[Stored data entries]

━━━

definition ratio_avg :: "('a \<Rightarrow> 'a) \<Rightarrow> ('d \<Rightarrow> 'a \<Rightarrow> real) \<Rightarrow> ('d \<Rightarrow> 'a \<Rightarrow> real) \<Rightarrow> nat \<Rightarrow> 'a \<Rightarrow> real ^ 'd::finite" where
  "ratio_avg f \<Phi> \<Psi> n x = (\<chi> i. birkhoff_sum f (\<Phi> i) n x / birkhoff_sum f (\<Psi> i) n x)"

definition G_set :: "'a set \<Rightarrow> ('a \<Rightarrow> 'a) \<Rightarrow> ('d \<Rightarrow> 'a \<Rightarrow> real) \<Rightarrow> ('d \<Rightarrow> 'a \<Rightarrow> real) \<Rightarrow> nat \<Rightarrow> (real ^ 'd::finite) set \<Rightarrow> 'a set" where
  "G_set X f \<Phi> \<Psi> n U = {x \<in> X. ratio_avg f \<Phi> \<Psi> n x \<in> U}"

definition upper_coarse_spectrum :: "'a::metric_space set \<Rightarrow> ('a \<Rightarrow> 'a) \<Rightarrow> ('d \<Rightarrow> 'a \<Rightarrow> real) \<Rightarrow> ('d \<Rightarrow> 'a \<Rightarrow> real)
     \<Rightarrow> (real ^ 'd::finite) set \<Rightarrow> ('a \<Rightarrow> real) \<Rightarrow> ereal" where
  "upper_coarse_spectrum X f \<Phi> \<Psi> A \<xi> =
     (INF U \<in> {U. open U \<and> A \<subseteq> U}. upper_CP X f (\<lambda>n. G_set X f \<Phi> \<Psi> n U) \<xi>)"

end

theory Submission
  imports Defs
begin

text \<open>
  Covering two sets costs at most the sum of the costs, and \<open>(1/n) log 2 \<rightarrow> 0\<close>, so the upper
  capacity pressure of a union of two sequences of sets is the maximum of the two pressures.
  Since \<open>G\<^sub>n\<close> commutes with unions, the pressure of \<open>G\<^sub>n(U)\<close> for a finite union \<open>U\<close> of open
  sets is the maximum over the pieces. Given \<open>M\<close> above the right-hand side, every \<open>\<alpha> \<in> A\<close> has an
  open neighbourhood of pressure \<open>< M\<close>; finitely many of them cover \<open>A\<close>, whence the left-hand
  side is \<open>\<le> M\<close>.
\<close>

lemma ereal_log_rate_mono:
  assumes "0 \<le> a" "a \<le> b"
  shows "ereal_log_rate n a \<le> ereal_log_rate n b"
proof (cases "a = 0 \<or> b = \<infinity>")
  case True
  then show ?thesis by (auto simp: ereal_log_rate_def)
next
  case False
  then obtain r s where r: "a = ereal r" "0 < r" and s: "b = ereal s"
    using assms by (cases a; cases b) auto
  then have "ln r / real n \<le> ln s / real n"
    using assms by (auto intro: divide_right_mono)
  then show ?thesis using r s assms by (auto simp: ereal_log_rate_def)
qed

lemma ereal_log_rate_double_le:
  assumes "0 \<le> b"
  shows "ereal_log_rate n (2 * b) \<le> ereal_log_rate n b + ereal (ln 2 / real n)"
proof (cases b)
  case (real r)
  with assms consider "r = 0" | "0 < r" by fastforce
  then show ?thesis
  proof cases
    case 2
    then have "ln (2 * r) / real n = ln r / real n + ln 2 / real n"
      by (simp add: ln_mult add_divide_distrib)
    then show ?thesis using real 2 by (simp add: ereal_log_rate_def)
  qed (simp add: real ereal_log_rate_def)
qed (use assms in \<open>auto simp: ereal_log_rate_def\<close>)

lemma ereal_log_rate_add_le:
  assumes "0 \<le> a" "0 \<le> b"
  shows "ereal_log_rate n (a + b)
           \<le> max (ereal_log_rate n a) (ereal_log_rate n b) + ereal (ln 2 / real n)"
proof -
  have "a + b \<le> max a b + max a b" by (intro add_mono) auto
  also have "\<dots> = 2 * max a b" by (cases "max a b") auto
  finally have "ereal_log_rate n (a + b) \<le> ereal_log_rate n (2 * max a b)"
    using assms by (intro ereal_log_rate_mono) (auto simp: le_max_iff_disj)
  also have "\<dots> \<le> ereal_log_rate n (max a b) + ereal (ln 2 / real n)"
    using assms by (intro ereal_log_rate_double_le) (auto simp: le_max_iff_disj)
  also have "ereal_log_rate n (max a b) = max (ereal_log_rate n a) (ereal_log_rate n b)"
    using assms ereal_log_rate_mono[of a b n] ereal_log_rate_mono[of b a n]
    by (auto simp: max_def)
  finally show ?thesis .
qed

lemma le_INF_add_INF_ereal:
  fixes f g :: "'i \<Rightarrow> ereal"
  assumes "\<And>i j. i \<in> I \<Longrightarrow> j \<in> J \<Longrightarrow> L \<le> f i + g j"
    and "\<And>i. 0 \<le> f i" "\<And>j. 0 \<le> g j"
  shows "L \<le> (INF i\<in>I. f i) + (INF j\<in>J. g j)"
proof (cases "I = {} \<or> J = {}")
  case True
  then show ?thesis using assms(2,3) by (auto simp: top_ereal_def)
next
  case False
  have "L \<le> (INF i\<in>I. f i + (INF j\<in>J. g j))"
  proof (rule INF_greatest)
    fix i assume "i \<in> I"
    then have "L \<le> (INF j\<in>J. f i + g j)" using assms(1) by (intro INF_greatest) auto
    also have "\<dots> = f i + (INF j\<in>J. g j)"
      using False assms(2,3) by (intro INF_ereal_add_right) auto
    finally show "L \<le> f i + (INF j\<in>J. g j)" .
  qed
  also have "\<dots> = (INF i\<in>I. f i) + (INF j\<in>J. g j)"
    using False assms(2,3) by (intro INF_ereal_add_left) (auto simp: INF_eq_minf intro!: exI[of _ 0])
  finally show ?thesis .
qed

lemma Lambda_n_nonneg: "0 \<le> Lambda_n X f n Z \<xi> \<delta>"
  unfolding Lambda_n_def by (rule INF_greatest) (auto intro: sum_nonneg)

lemma Lambda_n_empty: "Lambda_n X f n {} \<xi> \<delta> = 0"
  by (rule antisym[OF _ Lambda_n_nonneg]) (auto simp: Lambda_n_def intro: INF_lower2[of "{}"])

lemma Lambda_n_antimono:
  assumes "\<delta> \<le> \<delta>'"
  shows "Lambda_n X f n Z \<xi> \<delta>' \<le> Lambda_n X f n Z \<xi> \<delta>"
proof -
  have "bowen_ball X f x n \<delta> \<subseteq> bowen_ball X f x n \<delta>'" for x
    using assms unfolding bowen_ball_def by force
  then show ?thesis unfolding Lambda_n_def by (intro INF_superset_mono) blast+
qed

lemma Lambda_n_Un_le:
  "Lambda_n X f n (Z \<union> W) \<xi> \<delta> \<le> Lambda_n X f n Z \<xi> \<delta> + Lambda_n X f n W \<xi> \<delta>"
proof -
  define covers where
    "covers Z = {E. finite E \<and> E \<subseteq> X \<and> Z \<subseteq> (\<Union>x\<in>E. bowen_ball X f x n \<delta>)}" for Z
  define cost where "cost E = ereal (\<Sum>x\<in>E. exp (birkhoff_sum f \<xi> n x))" for E
  have Lambda: "Lambda_n X f n Z \<xi> \<delta> = (INF E\<in>covers Z. cost E)" for Z
    unfolding Lambda_n_def covers_def cost_def ..
  have "Lambda_n X f n (Z \<union> W) \<xi> \<delta> \<le> cost E1 + cost E2"
    if "E1 \<in> covers Z" "E2 \<in> covers W" for E1 E2
  proof -
    have "E1 \<union> E2 \<in> covers (Z \<union> W)" using that unfolding covers_def by auto
    then have "Lambda_n X f n (Z \<union> W) \<xi> \<delta> \<le> cost (E1 \<union> E2)"
      unfolding Lambda by (rule INF_lower)
    also have "\<dots> \<le> cost E1 + cost E2"
      using that sum_nonneg[of "E1 \<inter> E2" "\<lambda>x. exp (birkhoff_sum f \<xi> n x)"]
      by (auto simp: cost_def covers_def sum_Un)
    finally show ?thesis .
  qed
  then show ?thesis
    unfolding Lambda[of Z] Lambda[of W]
    by (rule le_INF_add_INF_ereal) (auto simp: cost_def intro: sum_nonneg)
qed
(* Let $A \in \mathbb{Z}_+^{n\times m}$ and $B \in \mathbb{Z}_+^{k \times m}$ be nonnegative integer matrices, both of rank $r$. Suppose that: (i) $A$ and $B$ have the same row space; (ii) for every $x \in \mathbb{R}^m$, $Ax \in \mathbb{Z}^n$ if and only if $Bx \in \mathbb{Z}^k$; (iii) for every $x \in \mathbb{R}^m$, $Ax \geq 0$ (entrywise) if and only if $Bx \geq 0$ (entrywise). Then either $\operatorname{rank}_{\mathbb{Z}_+}(A)=\operatorname{rank}_{\mathbb{Z}_+}(B)=r$, or both $\operatorname{rank}_{\mathbb{Z}_+}(A) > r$ and $\operatorname{rank}_{\mathbb{Z}_+}(B) > r$.
   Context: For a matrix $A \in \mathbb{Z}_+^{n\times m}$, its nonnegative integer rank $\operatorname{rank}_{\mathbb{Z}_+}(A)$ is the smallest integer $k$ such that there exist matrices $B \in \mathbb{Z}_+^{n\times k}$ and $C \in \mathbb{Z}_+^{k\times m}$ with $A = BC$, where $\mathbb{Z}_+$ denotes the nonnegative integers. *)

theory Defs
  imports "Jordan_Normal_Form.DL_Rank" "Jordan_Normal_Form.VS_Connect"
begin

definition nn_int_rank :: "nat mat \<Rightarrow> nat" where
  "nn_int_rank A = (LEAST k. \<exists>B C. B \<in> carrier_mat (dim_row A) k \<and>
      C \<in> carrier_mat k (dim_col A) \<and> A = B * C)"

abbreviation real_mat :: "nat mat \<Rightarrow> real mat" where
  "real_mat A \<equiv> map_mat real A"

end

theory Submission
  imports Defs
begin
lemma agent_storage_derivative:
  fixes M :: "real^'n::finite \<Rightarrow> real^'n^'n" and qi vi qd qd' qd'' :: "real \<Rightarrow> real^'n"
  assumes M_sym: "\<And>x. transpose (M x) = M x"
    and M_deriv: "\<And>x. (M has_derivative DM x) (at x)"
    and C_skew: "\<And>x w. transpose (DM x w - 2 *\<^sub>R C x w) = - (DM x w - 2 *\<^sub>R C x w)"
    and P_sym: "transpose P = P"
    and dqd: "(qd has_vector_derivative qd' t) (at t within T)"
    and dqd': "(qd' has_vector_derivative qd'' t) (at t within T)"
    and dq: "(qi has_vector_derivative vi t) (at t within T)"
    and dv: "(vi has_vector_derivative a) (at t within T)"
    and law: "M (qi t) *v a + C (qi t) (vi t) *v vi t + gi =
      M (qi t) *v (qd'' t - P *v (vi t - qd' t)) + C (qi t) (vi t) *v (qd' t - P *v (qi t - qd t)) + gi
      - K *v (vi t - (qd' t - P *v (qi t - qd t))) - P *v (qi t - qd t) + u"
  shows "((\<lambda>\<tau>. (1/2) * ((qi \<tau> - qd \<tau>) \<bullet> (P *v (qi \<tau> - qd \<tau>)))
      + (1/2) * ((vi \<tau> - (qd' \<tau> - P *v (qi \<tau> - qd \<tau>))) \<bullet> (M (qi \<tau>) *v (vi \<tau> - (qd' \<tau> - P *v (qi \<tau> - qd \<tau>))))))
    has_real_derivative
      - ((P *v (qi t - qd t)) \<bullet> (P *v (qi t - qd t)))
      - (vi t - (qd' t - P *v (qi t - qd t))) \<bullet> (K *v (vi t - (qd' t - P *v (qi t - qd t))))
      + (vi t - (qd' t - P *v (qi t - qd t))) \<bullet> u) (at t within T)"
proof (rule error_storage_derivative[OF _ _ _ P_sym M_sym C_skew])
  define vr' where "vr' = qd'' t - P *v (vi t - qd' t)"
  have dQ: "((\<lambda>\<tau>. qi \<tau> - qd \<tau>) has_vector_derivative vi t - qd' t) (at t within T)"
    by (rule has_vector_derivative_diff[OF dq dqd])
  then show "((\<lambda>\<tau>. qi \<tau> - qd \<tau>) has_vector_derivative
      vi t - (qd' t - P *v (qi t - qd t)) - P *v (qi t - qd t)) (at t within T)"
    by simp
  have "((\<lambda>\<tau>. qd' \<tau> - P *v (qi \<tau> - qd \<tau>)) has_vector_derivative vr') (at t within T)"
    unfolding vr'_def
    by (intro has_vector_derivative_diff dqd' bounded_linear.has_vector_derivative[OF
        matrix_vector_mul_bounded_linear dQ])
  then show "((\<lambda>\<tau>. vi \<tau> - (qd' \<tau> - P *v (qi \<tau> - qd \<tau>))) has_vector_derivative a - vr') (at t within T)"
    by (rule has_vector_derivative_diff[OF dv])
  show "((\<lambda>\<tau>. M (qi \<tau>)) has_vector_derivative DM (qi t) (vi t)) (at t within T)"
    using vector_derivative_diff_chain_within[OF dq has_derivative_at_withinI[OF M_deriv]]
    by (simp add: o_def)
  show "M (qi t) *v (a - vr') + C (qi t) (vi t) *v (vi t - (qd' t - P *v (qi t - qd t)))
      + K *v (vi t - (qd' t - P *v (qi t - qd t))) = - (P *v (qi t - qd t)) + u"
    using law unfolding vr'_def by (simp add: algebra_simps)
qed

lemma spring_storage_derivative:
  fixes Kz :: "real^'m::finite^'m" and Bk :: "real^'m^'k::finite" and z :: "real \<Rightarrow> real^'m"
  assumes Kz_sym: "transpose Kz = Kz"
    and dz: "(z has_vector_derivative transpose Bk *v s - Kz *v (z t - zd)) (at t within T)"
  shows "((\<lambda>\<tau>. (1/2) * ((z \<tau> - zd) \<bullet> (Kz *v (z \<tau> - zd)))) has_real_derivative
      (Bk *v (Kz *v (z t - zd))) \<bullet> s - (z t - zd) \<bullet> ((Kz ** Kz) *v (z t - zd))) (at t within T)"
proof -
  define e where "e = z t - zd"
  define e' where "e' = transpose Bk *v s - Kz *v e"
  have "((\<lambda>\<tau>. z \<tau> - zd) has_vector_derivative e') (at t within T)"
    using has_vector_derivative_diff[OF dz has_vector_derivative_const] by (simp add: e'_def e_def)
  from DERIV_cmult[OF has_real_derivative_quadratic_form[OF this has_vector_derivative_const[of Kz]], of "1/2"]
  have "((\<lambda>\<tau>. (1/2) * ((z \<tau> - zd) \<bullet> (Kz *v (z \<tau> - zd)))) has_real_derivative e \<bullet> (Kz *v e'))
      (at t within T)"
    using sym_inner_swap[OF Kz_sym, of e' e] by (simp add: e_def)
  moreover have "e \<bullet> (Kz *v (transpose Bk *v s)) = (Bk *v (Kz *v e)) \<bullet> s"
    using sym_inner_swap[OF Kz_sym, of e] dot_lmul_matrix[of s Bk "Kz *v e"]
    by (simp add: inner_commute)
  moreover have "e \<bullet> (Kz *v (Kz *v e)) = e \<bullet> ((Kz ** Kz) *v e)"
    by (simp add: matrix_vector_mul_assoc)
  ultimately show ?thesis
    by (simp add: e'_def e_def matrix_vector_mult_diff_distrib inner_diff_right)
qed

text \<open>The interconnection u = - w, \<mu> = transpose B s is power preserving: the power - s \<bullet> w
  injected into the agents is exactly compensated by the power w \<bullet> s delivered to the springs.\<close>
lemma agent_rates_sum_power_preserving:
  assumes Pi_sym: "\<And>i. transpose (Pim i) = Pim i"
  shows "(\<Sum>i\<in>UNIV. - ((Pim i *v blk x i) \<bullet> (Pim i *v blk x i)) - blk s i \<bullet> (K i *v blk s i)
            + blk s i \<bullet> blk (- w) i) + w \<bullet> s
    = - (x \<bullet> ((blockdiag Pim ** blockdiag Pim) *v x)) - s \<bullet> (blockdiag K *v s)"
proof -
  have "transpose (blockdiag Pim) = blockdiag Pim" using Pi_sym by (simp add: transpose_blockdiag)
  then have "x \<bullet> ((blockdiag Pim ** blockdiag Pim) *v x) = (\<Sum>i\<in>UNIV. (Pim i *v blk x i) \<bullet> (Pim i *v blk x i))"
    by (simp add: sym_inner_mult_self inner_blk[of "blockdiag Pim *v x"])
  then show ?thesis
    by (simp add: quadratic_blockdiag sum.distrib sum_subtractf sum_negf inner_blk[of s w, symmetric]
        inner_commute)
qed

lemma S_fun_blockdiag:
  "S_fun (blockdiag Pim) (blockdiag Mq) Kz zd x s z =
    (\<Sum>i\<in>UNIV. (1/2) * (blk x i \<bullet> (Pim i *v blk x i)) + (1/2) * (blk s i \<bullet> (Mq i *v blk s i)))
    + (1/2) * ((z - zd) \<bullet> (Kz *v (z - zd)))"
  by (simp add: S_fun_def quadratic_blockdiag sum.distrib sum_distrib_left)

lemma blk_vref [simp]: "blk (vref Pim qdt qd't q) i = qd't - Pim i *v (blk q i - qdt)"
  by (simp add: vref_def)

lemma closed_loop_storage_derivative:
  fixes Mi :: "'N::finite \<Rightarrow> real^'n::finite \<Rightarrow> real^'n^'n"
    and Kz :: "real^('M::finite \<times> 'n)^('M \<times> 'n)" and B :: "real^'M^'N"
  assumes M_sym: "\<And>i x. transpose (Mi i x) = Mi i x"
    and M_deriv: "\<And>i x. (Mi i has_derivative DM i x) (at x)"
    and C_skew: "\<And>i x w. transpose (DM i x w - 2 *\<^sub>R C i x w) = - (DM i x w - 2 *\<^sub>R C i x w)"
    and Pi_sym: "\<And>i. transpose (Pim i) = Pim i"
    and Kz_sym: "transpose Kz = Kz"
    and qd_d1: "\<And>t. (qd has_vector_derivative qd' t) (at t)"
    and qd_d2: "\<And>t. (qd' has_vector_derivative qd'' t) (at t)"
    and sol: "closed_loop_sol Mi C g Pim K Kz zd B qd qd' qd'' q v z"
    and "0 \<le> t"
  shows "((\<lambda>\<tau>. S_fun (blockdiag Pim) (blockdiag (\<lambda>i. Mi i (blk (q \<tau>) i))) Kz zd (q \<tau> - stk (\<lambda>i. qd \<tau>))
              (v \<tau> - vref Pim (qd \<tau>) (qd' \<tau>) (q \<tau>)) (z \<tau>))
    has_real_derivative
      - ((q t - stk (\<lambda>i. qd t)) \<bullet> ((blockdiag Pim ** blockdiag Pim) *v (q t - stk (\<lambda>i. qd t))))
      - (v t - vref Pim (qd t) (qd' t) (q t)) \<bullet> (blockdiag K *v (v t - vref Pim (qd t) (qd' t) (q t)))
      - (z t - zd) \<bullet> ((Kz ** Kz) *v (z t - zd))) (at t within {0..})"
proof -
  define w where "w = kronI B *v (Kz *v (z t - zd))"
  obtain a where dq: "(q has_vector_derivative v t) (at t within {0..})"
    and dz: "(z has_vector_derivative transpose (kronI B) *v (v t - vref Pim (qd t) (qd' t) (q t))
              - Kz *v (z t - zd)) (at t within {0..})"
    and dv: "(v has_vector_derivative a) (at t within {0..})"
    and law: "\<And>i. Mi i (blk (q t) i) *v blk a i + C i (blk (q t) i) (blk (v t) i) *v blk (v t) i + g i (blk (q t) i) =
        Mi i (blk (q t) i) *v (qd'' t - Pim i *v (blk (v t) i - qd' t))
        + C i (blk (q t) i) (blk (v t) i) *v (qd' t - Pim i *v (blk (q t) i - qd t)) + g i (blk (q t) i)
        - K i *v (blk (v t) i - (qd' t - Pim i *v (blk (q t) i - qd t)))
        - Pim i *v (blk (q t) i - qd t) + blk (- w) i"
    using sol \<open>0 \<le> t\<close> unfolding closed_loop_sol_def Let_def w_def blk_diff blk_vref by blast
  define e where "e i \<tau> = blk (q \<tau>) i - qd \<tau>" for i \<tau>
  define r where "r i \<tau> = blk (v \<tau>) i - (qd' \<tau> - Pim i *v e i \<tau>)" for i \<tau>
  have blk_e: "blk (q \<tau> - stk (\<lambda>i. qd \<tau>)) i = e i \<tau>"
    and blk_r: "blk (v \<tau> - vref Pim (qd \<tau>) (qd' \<tau>) (q \<tau>)) i = r i \<tau>" for i \<tau>
    by (simp_all add: e_def r_def)
  have "((\<lambda>\<tau>. (1/2) * (e i \<tau> \<bullet> (Pim i *v e i \<tau>)) + (1/2) * (r i \<tau> \<bullet> (Mi i (blk (q \<tau>) i) *v r i \<tau>)))
    has_real_derivative - ((Pim i *v e i t) \<bullet> (Pim i *v e i t)) - r i t \<bullet> (K i *v r i t) + r i t \<bullet> blk (- w) i)
    (at t within {0..})" for i
    unfolding e_def r_def
    by (rule agent_storage_derivative[where M="Mi i" and DM="DM i" and C="C i" and qd=qd and qd'=qd'
          and qd''=qd'' and t=t and qi="\<lambda>\<tau>. blk (q \<tau>) i" and vi="\<lambda>\<tau>. blk (v \<tau>) i",
          OF M_sym[of i] M_deriv[of i] C_skew[of i] Pi_sym[of i]
          has_vector_derivative_at_within[OF qd_d1] has_vector_derivative_at_within[OF qd_d2]
          bounded_linear.has_vector_derivative[OF bounded_linear_blk[of i] dq]
          bounded_linear.has_vector_derivative[OF bounded_linear_blk[of i] dv] law[of i]])
  then have "((\<lambda>\<tau>. (\<Sum>i\<in>UNIV. (1/2) * (e i \<tau> \<bullet> (Pim i *v e i \<tau>))
        + (1/2) * (r i \<tau> \<bullet> (Mi i (blk (q \<tau>) i) *v r i \<tau>))) + (1/2) * ((z \<tau> - zd) \<bullet> (Kz *v (z \<tau> - zd))))
    has_real_derivative
      (\<Sum>i\<in>UNIV. - ((Pim i *v e i t) \<bullet> (Pim i *v e i t)) - r i t \<bullet> (K i *v r i t) + r i t \<bullet> blk (- w) i)
      + (w \<bullet> (v t - vref Pim (qd t) (qd' t) (q t)) - (z t - zd) \<bullet> ((Kz ** Kz) *v (z t - zd))))
    (at t within {0..})"
    by (rule DERIV_add[OF DERIV_sum spring_storage_derivative[OF Kz_sym dz, folded w_def]])
  then show ?thesis
    unfolding S_fun_blockdiag blk_e blk_r
    by (rule DERIV_cong)
      (use agent_rates_sum_power_preserving[where Pim=Pim and x="q t - stk (\<lambda>i. qd t)"
        and s="v t - vref Pim (qd t) (qd' t) (q t)" and K=K and w=w, OF Pi_sym, unfolded blk_e blk_r]
        in linarith)
qed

━━━

Action item -
Return every line of the data above in which "dots" appears.

Result -
  also have "\<dots> = 2 * max a b" by (cases "max a b") auto
  also have "\<dots> \<le> ereal_log_rate n (max a b) + ereal (ln 2 / real n)"
    also have "\<dots> = f i + (INF j\<in>J. g j)"
  also have "\<dots> = (INF i\<in>I. f i) + (INF j\<in>J. g j)"
    also have "\<dots> \<le> cost E1 + cost E2"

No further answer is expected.